_YOUR OBJECTIVE_. Could you give the entries again, exactly as written?

[Saved entries]
text \<open>For each n \<noteq> 0 the values G n + C n^i (C < p) are pairwise incongruent
  modulo the maximal ideal, so at most one C makes G n + C n^i a non-unit; there are p
  choices of C but only p - 1 residues n.\<close>

lemma exists_shift_avoiding_nonunits:
  fixes G :: "nat \<Rightarrow> 'k"
  obtains C where "C < p" "\<And>n. 0 < n \<Longrightarrow> n < p \<Longrightarrow> 1 \<le> av (G n + of_nat C * of_nat n ^ i)"
proof -
  have "\<exists>C<p. \<forall>n. 0 < n \<and> n < p \<longrightarrow> 1 \<le> av (G n + of_nat C * of_nat n ^ i)"
  proof (rule ccontr)
    assume "\<not> ?thesis"
    then obtain g where g: "\<And>C. C < p \<Longrightarrow>
        0 < g C \<and> g C < p \<and> av (G (g C) + of_nat C * of_nat (g C) ^ i) < 1"
      by (metis not_le)
    have "g ` {..<p} \<subseteq> {1..<p}"
      using g by (auto simp: Suc_le_eq)
    then have "\<not> inj_on g {..<p}"
      using card_inj_on_le[of g "{..<p}" "{1..<p}"] p_gt_1 by fastforce
    then obtain C1 C2 where C: "C1 < p" "C2 < p" "C1 \<noteq> C2" "g C1 = g C2"
      unfolding inj_on_def by blast
    define n where "n = g C1"
    have "av (G n + of_nat C1 * of_nat n ^ i) < 1" "av (G n + of_nat C2 * of_nat n ^ i) < 1"
      using g[OF C(1)] g[OF C(2)] C(4) unfolding n_def by simp_all
    then have "av ((G n + of_nat C1 * of_nat n ^ i) - (G n + of_nat C2 * of_nat n ^ i)) < 1"
      using av_diff_le_max[of "G n + of_nat C1 * of_nat n ^ i" "G n + of_nat C2 * of_nat n ^ i"]
      by (meson le_less_trans max_less_iff_conj)
    moreover have "(G n + of_nat C1 * of_nat n ^ i) - (G n + of_nat C2 * of_nat n ^ i)
        = of_int (int C1 - int C2) * of_int (int n) ^ i"
      by (simp add: algebra_simps)
    moreover have "av (of_nat C1 - of_nat C2) = 1"
      using av_of_int_eq_1_if_abs_less[of "int C1 - int C2"] C(1-3) by simp
    moreover have "av (of_nat n) = 1"
      using av_of_int_eq_1_if_abs_less[of "int n"] g[OF C(1)] unfolding n_def by simp
    ultimately show False
      by (simp add: av_mult av_power)
  qed
  then show ?thesis
    using that by blast
qed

_WRITTEN ANSWER_.
text \<open>For each n \<noteq> 0 the values G n + C n^i (C < p) are pairwise incongruent
  modulo the maximal ideal, so at most one C makes G n + C n^i a non-unit; there are p
  choices of C but only p - 1 residues n.\<close>

lemma exists_shift_avoiding_nonunits:
  fixes G :: "nat \<Rightarrow> 'k"
  obtains C where "C < p" "\<And>n. 0 < n \<Longrightarrow> n < p \<Longrightarrow> 1 \<le> av (G n + of_nat C * of_nat n ^ i)"
proof -
  have "\<exists>C<p. \<forall>n. 0 < n \<and> n < p \<longrightarrow> 1 \<le> av (G n + of_nat C * of_nat n ^ i)"
  proof (rule ccontr)
    assume "\<not> ?thesis"
    then obtain g where g: "\<And>C. C < p \<Longrightarrow>
        0 < g C \<and> g C < p \<and> av (G (g C) + of_nat C * of_nat (g C) ^ i) < 1"
      by (metis not_le)
    have "g ` {..<p} \<subseteq> {1..<p}"
      using g by (auto simp: Suc_le_eq)
    then have "\<not> inj_on g {..<p}"
      using card_inj_on_le[of g "{..<p}" "{1..<p}"] p_gt_1 by fastforce
    then obtain C1 C2 where C: "C1 < p" "C2 < p" "C1 \<noteq> C2" "g C1 = g C2"
      unfolding inj_on_def by blast
    define n where "n = g C1"
    have "av (G n + of_nat C1 * of_nat n ^ i) < 1" "av (G n + of_nat C2 * of_nat n ^ i) < 1"
      using g[OF C(1)] g[OF C(2)] C(4) unfolding n_def by simp_all
    then have "av ((G n + of_nat C1 * of_nat n ^ i) - (G n + of_nat C2 * of_nat n ^ i)) < 1"
      using av_diff_le_max[of "G n + of_nat C1 * of_nat n ^ i" "G n + of_nat C2 * of_nat n ^ i"]
      by (meson le_less_trans max_less_iff_conj)
    moreover have "(G n + of_nat C1 * of_nat n ^ i) - (G n + of_nat C2 * of_nat n ^ i)
        = of_int (int C1 - int C2) * of_int (int n) ^ i"
      by (simp add: algebra_simps)
    moreover have "av (of_nat C1 - of_nat C2) = 1"
      using av_of_int_eq_1_if_abs_less[of "int C1 - int C2"] C(1-3) by simp
    moreover have "av (of_nat n) = 1"
      using av_of_int_eq_1_if_abs_less[of "int n"] g[OF C(1)] unfolding n_def by simp
    ultimately show False
      by (simp add: av_mult av_power)
  qed
  then show ?thesis
    using that by blast
qed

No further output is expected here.